* EXERCISE REQUIREMENTS: The lines to be copied are those below that contain "Longrightarrow".

Saved data entries
lemma measurable_finite_dependence_pair:
  fixes F :: "(nat \<Rightarrow> nat) \<times> (nat \<Rightarrow> nat) \<Rightarrow> 'b::countable"
  assumes "\<And>Z Y Z' Y'. (\<forall>s<k. Z s = Y s \<and> Z' s = Y' s) \<Longrightarrow> F (Z, Z') = F (Y, Y')"
  shows "F \<in> geom_seqs q \<Otimes>\<^sub>M geom_seqs q \<rightarrow>\<^sub>M count_space UNIV"
proof -
  define pad where "pad l = (\<lambda>s. if s < length l then l ! s else 0)" for l :: "nat list"
  define F' where "F' p = F (pad (fst p), pad (snd p))" for p :: "nat list \<times> nat list"
  have "F = (\<lambda>\<omega>. F' (map (fst \<omega>) [0..<k], map (snd \<omega>) [0..<k]))"
    unfolding F'_def pad_def by (rule ext, case_tac \<omega>, simp, rule assms) auto
  moreover have "(\<lambda>\<omega>. (map (fst \<omega>) [0..<k], map (snd \<omega>) [0..<k]))
      \<in> geom_seqs q \<Otimes>\<^sub>M geom_seqs q \<rightarrow>\<^sub>M count_space UNIV"
    using measurable_Pair[OF measurable_comp[OF measurable_fst measurable_prefix]
        measurable_comp[OF measurable_snd measurable_prefix]]
    by (simp add: comp_def pair_measure_countable)
  moreover have "F' \<in> count_space UNIV \<rightarrow>\<^sub>M count_space UNIV" by simp
  ultimately show ?thesis using measurable_comp[OF _ \<open>F' \<in> _\<close>] by (simp add: comp_def)
qed

lemma mal_list_cong: "(\<forall>s<k. Z s = Y s) \<Longrightarrow> mal_list Z k = mal_list Y k"
  by (induction k) auto

lemma measurable_mal_inj: "mal_inj \<in> geom_seqs q \<rightarrow>\<^sub>M NN"
proof -
  have "(\<lambda>Z. mal_inj Z i) \<in> geom_seqs q \<rightarrow>\<^sub>M count_space UNIV" for i
  proof (rule measurable_finite_dependence[of i])
    fix Z Y :: "nat \<Rightarrow> nat" assume "\<forall>s<i. Z s = Y s"
    then show "mal_inj Z i = mal_inj Y i" by (simp add: mal_inj_def mal_list_cong[of i Z Y])
  qed
  then show ?thesis by (intro measurable_PiM_single') auto
qed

* TASK ANSWER:
  assumes "\<And>Z Y Z' Y'. (\<forall>s<k. Z s = Y s \<and> Z' s = Y' s) \<Longrightarrow> F (Z, Z') = F (Y, Y')"
lemma mal_list_cong: "(\<forall>s<k. Z s = Y s) \<Longrightarrow> mal_list Z k = mal_list Y k"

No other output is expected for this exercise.